A typical case of a user using our web is shown in Figure 1g. Gypenoside A is the main active component of G. pentaphyllum, and its content is the highest in leaves from metabolome. The biosynthesis of gypenoside A begins with 2,3-oxidosqualene, but the key downstream enzymes OSC, CYP, and UGT have not been identified. A total of 235 CYPs from G. pentaphyllum (GpCYPs) were found by Blast. The phylogenetic tree was constructed based on the deduced amino acid sequences for the GpCYPs and other plant CYPs, and were distributed in eight subfamilies, namely 144 CYP71, 34 CYP85, 28 CYP72, 20 CYP86, and 4 CYP74. We also explored the expressions of GpCYPs from different tissues and presented as a heatmap. Furthermore, we performed Pearson correlation analyses of our transcript expression data among GpOSCs, GpCYPs, and GpUGTs using GpOSCs as the query gene (Figure 1g).

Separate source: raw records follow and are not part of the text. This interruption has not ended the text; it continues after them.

lemma measurable_kernel_integrand:
  assumes u: "hat u \<in> borel_measurable P" and K: "(\<lambda>(t, s). K t s) \<in> borel_measurable borel"
  shows "(\<lambda>((\<omega>, t), s). indicator {0..t} s * (K t s * u s \<omega>)) \<in> borel_measurable (P \<Otimes>\<^sub>M Lam)"
proof -
  note measurable_compose[OF measurable_snd[of P Lam] measurable_Lam_id, measurable]
    measurable_compose[OF measurable_compose[OF measurable_fst[of P Lam] measurable_snd[of M Lam]]
      measurable_Lam_id, measurable]
  have "(\<lambda>((\<omega>, t), s). (\<omega>, s)) \<in> measurable (P \<Otimes>\<^sub>M Lam) P"
    by (simp add: case_prod_beta') measurable
  from measurable_comp[OF this u]
  have "(\<lambda>((\<omega>, t), s). u s \<omega>) \<in> borel_measurable (P \<Otimes>\<^sub>M Lam)"
    by (simp add: comp_def case_prod_beta')
  moreover have "(\<lambda>((\<omega>, t), s). (t, s)) \<in> borel_measurable (P \<Otimes>\<^sub>M Lam)"
    by (simp add: case_prod_beta') measurable
  from measurable_comp[OF this K]
  have "(\<lambda>((\<omega>, t), s). K t s) \<in> borel_measurable (P \<Otimes>\<^sub>M Lam)"
    by (simp add: comp_def case_prod_beta')
  moreover have "{x \<in> space (P \<Otimes>\<^sub>M Lam). 0 \<le> snd x \<and> snd x \<le> snd (fst x)} \<in> sets (P \<Otimes>\<^sub>M Lam)"
    by measurable
  then have "(\<lambda>((\<omega>, t), s). indicator {0..t} s :: real) \<in> borel_measurable (P \<Otimes>\<^sub>M Lam)"
    by (rule borel_measurable_indicator[THEN measurable_cong[THEN iffD1, rotated]])
      (auto simp: indicator_def)
  ultimately show ?thesis by (simp add: case_prod_beta') measurable
qed

lemma volterra_eq_Lam:
  assumes "0 \<le> t" "t \<le> T"
  shows "volterra K u t \<omega> = (\<integral>s. indicator {0..t} s * (K t s * u s \<omega>) \<partial>Lam)"
  unfolding volterra_def using set_integral_Icc_eq_Lam[OF assms] .

lemma measurable_hat_volterra:
  assumes "hat u \<in> borel_measurable P" "(\<lambda>(t, s). K t s) \<in> borel_measurable borel"
  shows "hat (volterra K u) \<in> borel_measurable P"
proof -
  have "(\<lambda>(\<omega>, t). \<integral>s. indicator {0..t} s * (K t s * u s \<omega>) \<partial>Lam) \<in> borel_measurable P"
    using Lam.borel_measurable_lebesgue_integral[OF measurable_kernel_integrand[OF assms]]
    by (simp add: case_prod_beta')
  then show ?thesis
    by (rule measurable_cong[THEN iffD1, rotated]) (auto simp: space_pair_measure volterra_eq_Lam)
qed

definition energy :: "(real \<Rightarrow> 'a \<Rightarrow> real) \<Rightarrow> 'a \<Rightarrow> ennreal" where
  "energy u \<omega> = (\<integral>\<^sup>+s. ennreal ((u s \<omega>)\<^sup>2) \<partial>Lam)"

lemma measurable_energy:
  assumes "hat u \<in> borel_measurable P"
  shows "energy u \<in> borel_measurable M"
proof -
  note assms[measurable]
  have "(\<lambda>p. ennreal ((hat u p)\<^sup>2)) \<in> borel_measurable P" by measurable
  from Lam.borel_measurable_nn_integral_fst[OF this] show ?thesis
    unfolding energy_def by (simp add: hat_def)
qed

lemma nn_integral_energy:
  assumes "square_integrable P (hat u)"
  shows "(\<integral>\<^sup>+\<omega>. energy u \<omega> \<partial>M) = ennreal (sqnorm P (hat u))"
proof -
  have [measurable]: "hat u \<in> borel_measurable P"
    using assms unfolding square_integrable_def by blast
  have "(\<lambda>p. ennreal ((hat u p)\<^sup>2)) \<in> borel_measurable P" by measurable
  from Lam.nn_integral_fst[OF this]
  have "(\<integral>\<^sup>+\<omega>. energy u \<omega> \<partial>M) = (\<integral>\<^sup>+p. ennreal ((hat u p)\<^sup>2) \<partial>P)"
    unfolding energy_def by (simp add: hat_def)
  also have "\<dots> = ennreal (sqnorm P (hat u))"
    using assms unfolding sqnorm_def square_integrable_def by (intro nn_integral_eq_integral) auto
  finally show ?thesis .
qed

lemma volterra_square_le_energy:
  assumes u: "hat u \<in> borel_measurable P" and K: "(\<lambda>(t, s). K t s) \<in> borel_measurable borel"
    and \<omega>: "\<omega> \<in> space M" and t: "0 \<le> t" "t \<le> T"
    and bound: "(\<integral>\<^sup>+s\<in>{0..t}. ennreal ((K t s)\<^sup>2) \<partial>lborel) \<le> ennreal B"
  shows "ennreal ((volterra K u t \<omega>)\<^sup>2) \<le> ennreal B * energy u \<omega>"
proof -
  have "(\<lambda>s. (t, s)) \<in> borel_measurable Lam"
    using measurable_Lam_id by (intro borel_measurable_Pair) auto
  from measurable_comp[OF this K] have "(\<lambda>s. K t s) \<in> borel_measurable Lam"
    by (simp add: comp_def)
  then have k: "(\<lambda>s. indicator {0..t} s * K t s) \<in> borel_measurable Lam"
    using measurable_comp[OF measurable_Lam_id borel_measurable_indicator[of "{0..t}" borel]]
    by (intro borel_measurable_times) (simp_all add: comp_def)
  have v: "(\<lambda>s. u s \<omega>) \<in> borel_measurable Lam"
    using measurable_Pair2[OF u \<omega>] by simp
  have "ennreal ((volterra K u t \<omega>)\<^sup>2)
      = ennreal ((\<integral>s. (indicator {0..t} s * K t s) * u s \<omega> \<partial>Lam)\<^sup>2)"
    unfolding volterra_eq_Lam[OF t] by (simp add: mult.assoc)
  also have "\<dots> \<le> (\<integral>\<^sup>+s. ennreal ((indicator {0..t} s * K t s)\<^sup>2) \<partial>Lam) * energy u \<omega>"
    unfolding energy_def by (rule square_integral_mult_le[OF k v])
  also have "(\<integral>\<^sup>+s. ennreal ((indicator {0..t} s * K t s)\<^sup>2) \<partial>Lam)
      = (\<integral>\<^sup>+s\<in>{0..t}. ennreal ((K t s)\<^sup>2) \<partial>lborel)"
    unfolding nn_integral_Icc_eq_Lam[symmetric]
    using t by (intro nn_integral_cong) (auto simp: indicator_def)
  finally show ?thesis using bound by (meson order_trans mult_right_mono zero_le)
qed

lemma square_integrable_of_energy_bound:
  assumes u: "square_integrable P (hat u)" and W: "hat W \<in> borel_measurable P" and c: "0 \<le> c"
    and bound: "\<And>\<omega> t. \<omega> \<in> space M \<Longrightarrow> 0 \<le> t \<Longrightarrow> t \<le> T \<Longrightarrow>
      ennreal ((W t \<omega>)\<^sup>2) \<le> ennreal c * energy u \<omega>"
  shows "square_integrable P (hat W)" and "sqnorm P (hat W) \<le> c * T * sqnorm P (hat u)"
proof -
  have energy: "energy u \<in> borel_measurable M"
    using u measurable_energy unfolding square_integrable_def by blast
  have "(\<integral>\<^sup>+p. ennreal ((hat W p)\<^sup>2) \<partial>P) \<le> (\<integral>\<^sup>+p. ennreal c * energy u (fst p) \<partial>P)"
    using bound by (intro nn_integral_mono) (auto simp: space_pair_measure hat_def)
  also have "\<dots> = (\<integral>\<^sup>+\<omega>. (\<integral>\<^sup>+t. ennreal c * energy u \<omega> \<partial>Lam) \<partial>M)"
  proof -
    have "(\<lambda>p. ennreal c * energy u (fst p)) \<in> borel_measurable P" using energy by measurable
    from Lam.nn_integral_fst[OF this] show ?thesis by simp
  qed
  also have "\<dots> = (\<integral>\<^sup>+\<omega>. ennreal (c * T) * energy u \<omega> \<partial>M)"
    using T_pos c emeasure_Lam_space by (intro nn_integral_cong) (simp add: ennreal_mult mult_ac)
  also have "\<dots> = ennreal (c * T * sqnorm P (hat u))"
    using energy nn_integral_energy[OF u] c T_pos sqnorm_nonneg[of P "hat u"]
    by (simp add: nn_integral_cmult ennreal_mult)
  finally have le: "(\<integral>\<^sup>+p. ennreal ((hat W p)\<^sup>2) \<partial>P) \<le> ennreal (c * T * sqnorm P (hat u))" .
  have W2: "(\<lambda>p. (hat W p)\<^sup>2) \<in> borel_measurable P" using W by measurable
  have "(\<integral>\<^sup>+p. ennreal (norm ((hat W p)\<^sup>2)) \<partial>P) < \<infinity>"
    using le by (simp add: order.strict_trans1)
  then show "square_integrable P (hat W)"
    unfolding square_integrable_def using W W2 by (blast intro: integrableI_bounded)
  have "sqnorm P (hat W) = enn2real (\<integral>\<^sup>+p. ennreal ((hat W p)\<^sup>2) \<partial>P)"
    unfolding sqnorm_def by (rule integral_eq_nn_integral[OF W2]) auto
  also have "\<dots> \<le> c * T * sqnorm P (hat u)"
    using enn2real_mono[OF le] c T_pos sqnorm_nonneg[of P "hat u"] by simp
  finally show "sqnorm P (hat W) \<le> c * T * sqnorm P (hat u)" .
qed

lemma
  assumes u: "square_integrable P (hat u)" and K: "(\<lambda>(t, s). K t s) \<in> borel_measurable borel"
    and bound: "\<And>t. 0 \<le> t \<Longrightarrow> t \<le> T \<Longrightarrow> (\<integral>\<^sup>+s\<in>{0..t}. ennreal ((K t s)\<^sup>2) \<partial>lborel) \<le> ennreal B"
    and "0 \<le> B"
  shows square_integrable_volterra: "square_integrable P (hat (volterra K u))"
    and sqnorm_volterra_le: "sqnorm P (hat (volterra K u)) \<le> B * T * sqnorm P (hat u)"
proof -
  have um: "hat u \<in> borel_measurable P" using u unfolding square_integrable_def by blast
  note energy_bound = square_integrable_of_energy_bound[OF u measurable_hat_volterra[OF um K] \<open>0 \<le> B\<close>]
  show "square_integrable P (hat (volterra K u))"
    by (rule energy_bound(1)) (use volterra_square_le_energy[OF um K _ _ _ bound] in auto)
  show "sqnorm P (hat (volterra K u)) \<le> B * T * sqnorm P (hat u)"
    by (rule energy_bound(2)) (use volterra_square_le_energy[OF um K _ _ _ bound] in auto)
qed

These results facilitate the discovery of unknown genes involved in gypenoside A biosynthesis.
In summary, from genes to metabolite levels, MPOD integrates the genomics, transcriptomics, and metabolomics data of MPs published in almost recent years and sequenced in this study. These datasets provide a rich genetic resource for mining functional genes, screening molecular markers, and developing biological elements. Further combination of pathways and catalytic components greatly facilitate to decode the biosynthetic pathways of medicinal ingredients. MPOD will be continuously updated as multi-omics data increases and new bioinformatics tools emerge, so that MPOD provides long-term support to the research of MPs molecular-assisted breeding and synthetic biology.